* Data provided *
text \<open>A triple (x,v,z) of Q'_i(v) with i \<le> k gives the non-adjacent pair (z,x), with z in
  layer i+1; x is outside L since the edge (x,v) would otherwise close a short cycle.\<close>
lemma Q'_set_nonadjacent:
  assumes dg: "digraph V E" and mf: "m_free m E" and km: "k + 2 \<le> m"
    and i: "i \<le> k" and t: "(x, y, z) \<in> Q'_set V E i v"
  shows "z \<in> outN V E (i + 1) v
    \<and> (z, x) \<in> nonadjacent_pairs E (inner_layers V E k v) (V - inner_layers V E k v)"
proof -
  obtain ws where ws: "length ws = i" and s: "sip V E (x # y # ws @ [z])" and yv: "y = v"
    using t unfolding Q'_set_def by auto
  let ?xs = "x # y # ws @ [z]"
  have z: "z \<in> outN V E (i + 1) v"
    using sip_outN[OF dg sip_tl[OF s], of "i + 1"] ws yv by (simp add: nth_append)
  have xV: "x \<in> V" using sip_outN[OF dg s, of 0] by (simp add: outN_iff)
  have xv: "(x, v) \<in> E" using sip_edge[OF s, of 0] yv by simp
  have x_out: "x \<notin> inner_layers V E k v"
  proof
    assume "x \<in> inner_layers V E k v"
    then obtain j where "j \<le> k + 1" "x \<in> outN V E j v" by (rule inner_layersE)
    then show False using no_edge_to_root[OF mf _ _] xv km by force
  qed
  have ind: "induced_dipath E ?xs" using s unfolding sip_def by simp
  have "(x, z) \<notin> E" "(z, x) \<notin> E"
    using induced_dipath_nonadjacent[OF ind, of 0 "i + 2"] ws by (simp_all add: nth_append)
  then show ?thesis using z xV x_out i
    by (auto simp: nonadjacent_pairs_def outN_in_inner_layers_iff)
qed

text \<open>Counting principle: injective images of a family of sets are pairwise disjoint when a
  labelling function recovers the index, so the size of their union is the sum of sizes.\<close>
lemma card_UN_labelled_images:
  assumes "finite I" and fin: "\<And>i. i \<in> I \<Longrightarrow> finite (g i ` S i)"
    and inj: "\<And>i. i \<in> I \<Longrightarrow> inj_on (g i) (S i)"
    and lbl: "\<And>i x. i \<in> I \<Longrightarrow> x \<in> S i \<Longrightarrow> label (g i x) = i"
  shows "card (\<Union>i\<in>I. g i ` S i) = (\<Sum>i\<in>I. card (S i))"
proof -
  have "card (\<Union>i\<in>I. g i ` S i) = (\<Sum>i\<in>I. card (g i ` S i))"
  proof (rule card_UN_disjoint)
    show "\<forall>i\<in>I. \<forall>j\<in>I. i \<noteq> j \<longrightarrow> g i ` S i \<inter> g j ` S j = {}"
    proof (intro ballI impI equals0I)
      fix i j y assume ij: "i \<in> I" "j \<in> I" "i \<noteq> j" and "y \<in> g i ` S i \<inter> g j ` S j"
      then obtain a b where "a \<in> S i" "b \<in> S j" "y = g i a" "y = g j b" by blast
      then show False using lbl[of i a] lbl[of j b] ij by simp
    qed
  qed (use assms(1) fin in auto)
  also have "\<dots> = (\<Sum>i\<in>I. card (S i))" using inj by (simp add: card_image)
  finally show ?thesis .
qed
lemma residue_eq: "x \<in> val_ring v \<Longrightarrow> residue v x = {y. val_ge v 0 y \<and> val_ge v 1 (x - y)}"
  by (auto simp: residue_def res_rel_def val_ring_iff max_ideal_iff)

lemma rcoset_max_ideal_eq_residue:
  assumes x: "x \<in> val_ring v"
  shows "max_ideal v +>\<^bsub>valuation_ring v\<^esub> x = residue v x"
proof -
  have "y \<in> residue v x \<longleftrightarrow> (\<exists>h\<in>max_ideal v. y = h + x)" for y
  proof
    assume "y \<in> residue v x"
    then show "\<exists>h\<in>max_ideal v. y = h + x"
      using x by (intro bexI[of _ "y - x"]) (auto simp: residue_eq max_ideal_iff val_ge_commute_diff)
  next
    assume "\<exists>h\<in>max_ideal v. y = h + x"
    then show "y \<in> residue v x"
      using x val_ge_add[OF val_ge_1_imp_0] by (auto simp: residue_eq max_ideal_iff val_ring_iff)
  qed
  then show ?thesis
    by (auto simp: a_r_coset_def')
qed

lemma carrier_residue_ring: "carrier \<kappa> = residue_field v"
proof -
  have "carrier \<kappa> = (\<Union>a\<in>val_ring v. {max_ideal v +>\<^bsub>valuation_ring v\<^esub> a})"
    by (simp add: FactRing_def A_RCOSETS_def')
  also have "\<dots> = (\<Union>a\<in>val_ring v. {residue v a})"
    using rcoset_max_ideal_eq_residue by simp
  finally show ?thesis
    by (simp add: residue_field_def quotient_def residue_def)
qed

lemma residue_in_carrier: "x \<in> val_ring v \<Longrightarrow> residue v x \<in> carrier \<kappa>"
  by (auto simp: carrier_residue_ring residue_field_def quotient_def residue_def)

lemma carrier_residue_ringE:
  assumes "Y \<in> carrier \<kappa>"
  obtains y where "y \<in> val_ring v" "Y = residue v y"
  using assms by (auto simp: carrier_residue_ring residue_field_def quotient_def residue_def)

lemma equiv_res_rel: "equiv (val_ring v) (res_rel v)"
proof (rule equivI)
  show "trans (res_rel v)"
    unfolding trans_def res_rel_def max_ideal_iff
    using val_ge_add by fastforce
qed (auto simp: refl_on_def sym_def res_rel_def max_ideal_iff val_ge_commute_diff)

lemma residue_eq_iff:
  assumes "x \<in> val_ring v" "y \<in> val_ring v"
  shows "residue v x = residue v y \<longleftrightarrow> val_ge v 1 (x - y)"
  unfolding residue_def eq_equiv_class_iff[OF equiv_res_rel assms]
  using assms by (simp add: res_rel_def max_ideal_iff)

* * *

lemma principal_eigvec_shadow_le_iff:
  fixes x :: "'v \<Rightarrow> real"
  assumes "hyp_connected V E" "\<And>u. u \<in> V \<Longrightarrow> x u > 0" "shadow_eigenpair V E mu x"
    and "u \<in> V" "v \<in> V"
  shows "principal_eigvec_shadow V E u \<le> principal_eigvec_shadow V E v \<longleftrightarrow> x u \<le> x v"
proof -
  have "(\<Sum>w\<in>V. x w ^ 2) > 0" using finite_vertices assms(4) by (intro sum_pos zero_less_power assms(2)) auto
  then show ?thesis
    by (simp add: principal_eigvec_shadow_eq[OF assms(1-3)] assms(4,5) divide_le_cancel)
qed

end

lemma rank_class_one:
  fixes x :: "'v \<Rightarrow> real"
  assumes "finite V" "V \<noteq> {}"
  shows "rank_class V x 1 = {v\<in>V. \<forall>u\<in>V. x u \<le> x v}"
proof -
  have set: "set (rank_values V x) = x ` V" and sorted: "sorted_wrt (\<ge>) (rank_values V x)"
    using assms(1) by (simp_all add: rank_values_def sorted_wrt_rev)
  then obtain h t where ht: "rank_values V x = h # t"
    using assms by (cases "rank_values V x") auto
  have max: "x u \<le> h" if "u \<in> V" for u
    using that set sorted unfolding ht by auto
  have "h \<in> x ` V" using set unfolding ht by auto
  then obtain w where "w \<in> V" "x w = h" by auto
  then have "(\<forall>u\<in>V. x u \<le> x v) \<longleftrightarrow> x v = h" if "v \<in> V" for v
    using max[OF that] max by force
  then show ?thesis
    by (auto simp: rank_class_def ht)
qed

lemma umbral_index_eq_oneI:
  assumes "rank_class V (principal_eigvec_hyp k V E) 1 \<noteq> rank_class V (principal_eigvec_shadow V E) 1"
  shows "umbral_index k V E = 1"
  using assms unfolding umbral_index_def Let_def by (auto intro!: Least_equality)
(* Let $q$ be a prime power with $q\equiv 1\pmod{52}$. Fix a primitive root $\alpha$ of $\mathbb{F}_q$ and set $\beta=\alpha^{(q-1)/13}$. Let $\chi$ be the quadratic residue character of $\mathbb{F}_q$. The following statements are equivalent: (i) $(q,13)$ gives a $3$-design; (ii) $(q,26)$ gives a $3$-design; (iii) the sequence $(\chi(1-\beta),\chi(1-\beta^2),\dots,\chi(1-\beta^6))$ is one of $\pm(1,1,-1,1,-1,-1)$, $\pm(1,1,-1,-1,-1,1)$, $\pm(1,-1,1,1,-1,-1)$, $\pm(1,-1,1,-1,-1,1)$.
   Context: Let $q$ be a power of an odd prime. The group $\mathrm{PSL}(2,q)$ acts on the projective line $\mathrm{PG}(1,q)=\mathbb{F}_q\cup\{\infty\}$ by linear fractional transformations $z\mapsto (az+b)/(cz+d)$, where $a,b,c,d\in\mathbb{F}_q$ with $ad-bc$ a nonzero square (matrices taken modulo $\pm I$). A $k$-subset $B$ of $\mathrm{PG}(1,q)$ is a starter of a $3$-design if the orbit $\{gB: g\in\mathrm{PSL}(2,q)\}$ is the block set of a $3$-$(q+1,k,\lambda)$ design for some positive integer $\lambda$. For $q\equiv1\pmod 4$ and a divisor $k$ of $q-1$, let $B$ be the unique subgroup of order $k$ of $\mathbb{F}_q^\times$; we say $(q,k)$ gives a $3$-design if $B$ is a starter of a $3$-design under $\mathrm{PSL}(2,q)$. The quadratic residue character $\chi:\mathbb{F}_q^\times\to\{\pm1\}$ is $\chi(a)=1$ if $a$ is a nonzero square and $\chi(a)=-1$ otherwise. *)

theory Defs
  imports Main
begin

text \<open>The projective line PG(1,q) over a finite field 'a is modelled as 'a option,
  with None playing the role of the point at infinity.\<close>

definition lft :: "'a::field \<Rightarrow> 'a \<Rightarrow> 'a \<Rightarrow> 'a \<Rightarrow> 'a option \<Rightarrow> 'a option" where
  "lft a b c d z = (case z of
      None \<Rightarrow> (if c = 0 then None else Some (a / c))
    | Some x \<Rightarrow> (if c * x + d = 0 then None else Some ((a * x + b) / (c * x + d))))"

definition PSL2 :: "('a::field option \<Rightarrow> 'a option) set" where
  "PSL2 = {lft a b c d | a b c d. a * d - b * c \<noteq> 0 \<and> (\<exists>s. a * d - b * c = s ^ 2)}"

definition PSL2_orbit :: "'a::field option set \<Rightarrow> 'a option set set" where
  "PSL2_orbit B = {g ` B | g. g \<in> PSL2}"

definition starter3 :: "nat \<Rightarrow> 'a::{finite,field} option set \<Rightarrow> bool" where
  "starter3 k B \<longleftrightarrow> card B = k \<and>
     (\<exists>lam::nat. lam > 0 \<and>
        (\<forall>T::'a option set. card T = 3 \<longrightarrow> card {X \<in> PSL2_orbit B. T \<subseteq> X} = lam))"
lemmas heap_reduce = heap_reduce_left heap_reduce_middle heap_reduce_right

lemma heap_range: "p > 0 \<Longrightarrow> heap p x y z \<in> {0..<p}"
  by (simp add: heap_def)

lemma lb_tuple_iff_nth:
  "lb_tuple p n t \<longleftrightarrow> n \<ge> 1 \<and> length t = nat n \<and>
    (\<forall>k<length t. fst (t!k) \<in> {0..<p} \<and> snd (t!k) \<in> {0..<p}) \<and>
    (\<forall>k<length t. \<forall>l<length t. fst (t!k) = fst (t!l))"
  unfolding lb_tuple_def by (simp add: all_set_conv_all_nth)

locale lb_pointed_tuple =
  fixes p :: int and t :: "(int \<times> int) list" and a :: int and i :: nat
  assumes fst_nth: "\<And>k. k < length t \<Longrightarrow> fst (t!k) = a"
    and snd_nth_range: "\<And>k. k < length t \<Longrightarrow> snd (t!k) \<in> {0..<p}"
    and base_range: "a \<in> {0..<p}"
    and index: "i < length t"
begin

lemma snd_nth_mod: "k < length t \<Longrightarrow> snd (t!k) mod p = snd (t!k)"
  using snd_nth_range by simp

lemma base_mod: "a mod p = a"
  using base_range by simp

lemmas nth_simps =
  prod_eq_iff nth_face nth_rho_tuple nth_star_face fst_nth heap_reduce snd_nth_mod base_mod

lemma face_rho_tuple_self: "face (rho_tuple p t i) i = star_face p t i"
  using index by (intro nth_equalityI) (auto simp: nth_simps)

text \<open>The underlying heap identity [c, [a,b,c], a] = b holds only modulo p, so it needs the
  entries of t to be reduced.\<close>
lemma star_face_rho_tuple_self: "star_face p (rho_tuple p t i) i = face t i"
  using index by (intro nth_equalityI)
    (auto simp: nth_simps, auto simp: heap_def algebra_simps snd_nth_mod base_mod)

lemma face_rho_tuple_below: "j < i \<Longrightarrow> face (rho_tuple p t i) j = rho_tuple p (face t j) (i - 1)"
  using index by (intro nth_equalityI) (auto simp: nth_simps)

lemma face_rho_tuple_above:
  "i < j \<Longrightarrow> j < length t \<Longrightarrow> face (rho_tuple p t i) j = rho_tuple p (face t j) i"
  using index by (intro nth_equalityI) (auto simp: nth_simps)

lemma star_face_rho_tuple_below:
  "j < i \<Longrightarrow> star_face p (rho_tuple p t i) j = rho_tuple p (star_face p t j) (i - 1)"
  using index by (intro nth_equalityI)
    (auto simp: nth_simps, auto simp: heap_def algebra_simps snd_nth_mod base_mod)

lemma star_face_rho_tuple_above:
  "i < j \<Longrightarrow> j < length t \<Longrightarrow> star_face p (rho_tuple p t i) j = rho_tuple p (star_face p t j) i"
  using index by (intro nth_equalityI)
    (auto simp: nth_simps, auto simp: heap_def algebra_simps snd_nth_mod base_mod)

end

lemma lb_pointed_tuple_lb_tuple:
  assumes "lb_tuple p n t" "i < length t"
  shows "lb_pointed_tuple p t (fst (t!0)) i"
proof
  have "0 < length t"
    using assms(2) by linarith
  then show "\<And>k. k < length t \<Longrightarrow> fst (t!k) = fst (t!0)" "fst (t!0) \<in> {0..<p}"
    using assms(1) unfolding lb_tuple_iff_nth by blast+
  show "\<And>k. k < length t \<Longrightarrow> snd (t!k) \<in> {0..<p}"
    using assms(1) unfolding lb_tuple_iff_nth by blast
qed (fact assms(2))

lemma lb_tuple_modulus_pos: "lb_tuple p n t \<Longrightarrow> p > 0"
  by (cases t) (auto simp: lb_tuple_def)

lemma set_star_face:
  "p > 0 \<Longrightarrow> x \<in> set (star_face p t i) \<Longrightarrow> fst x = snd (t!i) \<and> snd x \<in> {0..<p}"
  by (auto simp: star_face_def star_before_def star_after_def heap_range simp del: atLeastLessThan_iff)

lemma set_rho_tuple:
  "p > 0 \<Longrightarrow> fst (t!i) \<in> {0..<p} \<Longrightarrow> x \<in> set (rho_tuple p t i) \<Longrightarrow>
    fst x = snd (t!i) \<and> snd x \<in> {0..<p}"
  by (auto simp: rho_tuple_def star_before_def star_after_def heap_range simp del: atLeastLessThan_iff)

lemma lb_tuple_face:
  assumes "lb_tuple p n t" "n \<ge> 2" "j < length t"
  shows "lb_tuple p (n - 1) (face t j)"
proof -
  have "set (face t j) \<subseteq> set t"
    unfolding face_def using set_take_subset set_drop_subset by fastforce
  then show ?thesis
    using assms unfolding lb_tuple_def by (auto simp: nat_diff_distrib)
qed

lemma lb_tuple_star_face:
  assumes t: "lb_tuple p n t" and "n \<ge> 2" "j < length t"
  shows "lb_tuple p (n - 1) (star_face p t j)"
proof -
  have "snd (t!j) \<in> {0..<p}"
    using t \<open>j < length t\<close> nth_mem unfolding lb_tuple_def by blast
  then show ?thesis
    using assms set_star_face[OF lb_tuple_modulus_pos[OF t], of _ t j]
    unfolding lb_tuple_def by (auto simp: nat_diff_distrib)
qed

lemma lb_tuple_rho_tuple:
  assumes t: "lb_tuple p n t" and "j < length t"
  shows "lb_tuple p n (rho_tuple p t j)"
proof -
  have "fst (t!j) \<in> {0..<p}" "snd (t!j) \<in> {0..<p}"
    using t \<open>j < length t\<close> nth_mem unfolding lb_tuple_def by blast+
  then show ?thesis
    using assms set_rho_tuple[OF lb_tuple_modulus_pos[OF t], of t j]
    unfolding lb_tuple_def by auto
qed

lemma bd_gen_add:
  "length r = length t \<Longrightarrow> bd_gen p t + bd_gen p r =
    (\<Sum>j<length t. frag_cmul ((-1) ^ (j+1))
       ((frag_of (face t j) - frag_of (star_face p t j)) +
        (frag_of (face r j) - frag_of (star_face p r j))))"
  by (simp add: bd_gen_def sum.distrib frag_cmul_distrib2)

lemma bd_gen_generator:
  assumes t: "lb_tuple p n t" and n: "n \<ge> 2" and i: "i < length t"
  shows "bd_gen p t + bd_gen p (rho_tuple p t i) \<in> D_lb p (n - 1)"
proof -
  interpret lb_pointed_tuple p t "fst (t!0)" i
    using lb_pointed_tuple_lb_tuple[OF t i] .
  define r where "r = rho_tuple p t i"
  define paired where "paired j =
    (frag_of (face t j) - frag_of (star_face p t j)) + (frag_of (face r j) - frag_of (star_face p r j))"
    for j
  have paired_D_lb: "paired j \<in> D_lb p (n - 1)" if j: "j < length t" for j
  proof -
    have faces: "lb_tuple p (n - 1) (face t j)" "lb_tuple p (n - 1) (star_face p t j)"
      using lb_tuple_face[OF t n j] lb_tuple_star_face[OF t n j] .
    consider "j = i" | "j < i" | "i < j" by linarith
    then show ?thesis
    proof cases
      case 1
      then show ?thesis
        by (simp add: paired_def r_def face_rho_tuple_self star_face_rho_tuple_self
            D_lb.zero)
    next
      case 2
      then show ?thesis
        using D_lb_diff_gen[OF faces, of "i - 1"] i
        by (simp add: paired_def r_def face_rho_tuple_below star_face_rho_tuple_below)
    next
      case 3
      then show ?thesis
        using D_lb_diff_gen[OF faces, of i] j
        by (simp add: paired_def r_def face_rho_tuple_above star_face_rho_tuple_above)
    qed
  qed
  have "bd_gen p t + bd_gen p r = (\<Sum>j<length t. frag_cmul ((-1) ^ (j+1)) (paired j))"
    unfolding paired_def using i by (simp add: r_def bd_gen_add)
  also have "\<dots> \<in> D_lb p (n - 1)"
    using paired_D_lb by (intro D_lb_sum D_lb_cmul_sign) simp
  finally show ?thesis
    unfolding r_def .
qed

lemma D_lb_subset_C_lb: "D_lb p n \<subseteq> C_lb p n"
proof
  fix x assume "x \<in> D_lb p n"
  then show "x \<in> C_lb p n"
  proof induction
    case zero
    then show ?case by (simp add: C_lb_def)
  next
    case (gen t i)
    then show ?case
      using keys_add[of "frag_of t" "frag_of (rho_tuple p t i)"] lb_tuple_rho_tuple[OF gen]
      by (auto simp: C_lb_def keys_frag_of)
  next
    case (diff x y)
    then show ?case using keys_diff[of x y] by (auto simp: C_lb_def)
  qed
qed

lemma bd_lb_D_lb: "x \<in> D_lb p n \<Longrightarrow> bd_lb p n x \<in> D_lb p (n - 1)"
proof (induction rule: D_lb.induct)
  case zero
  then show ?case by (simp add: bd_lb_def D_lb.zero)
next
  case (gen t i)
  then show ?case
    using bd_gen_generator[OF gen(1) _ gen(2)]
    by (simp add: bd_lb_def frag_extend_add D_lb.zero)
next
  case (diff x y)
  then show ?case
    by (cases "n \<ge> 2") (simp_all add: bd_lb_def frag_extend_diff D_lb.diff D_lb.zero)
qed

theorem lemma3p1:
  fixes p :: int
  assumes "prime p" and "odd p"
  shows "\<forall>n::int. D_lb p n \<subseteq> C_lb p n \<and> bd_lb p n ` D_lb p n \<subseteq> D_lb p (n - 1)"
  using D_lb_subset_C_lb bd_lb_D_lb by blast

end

* Problem to solve *
Which of the lines above hold the string "definition"? Pick each of them out.

* Solution to this problem *
definition lft :: "'a::field \<Rightarrow> 'a \<Rightarrow> 'a \<Rightarrow> 'a \<Rightarrow> 'a option \<Rightarrow> 'a option" where
definition PSL2 :: "('a::field option \<Rightarrow> 'a option) set" where
definition PSL2_orbit :: "'a::field option set \<Rightarrow> 'a option set set" where
definition starter3 :: "nat \<Rightarrow> 'a::{finite,field} option set \<Rightarrow> bool" where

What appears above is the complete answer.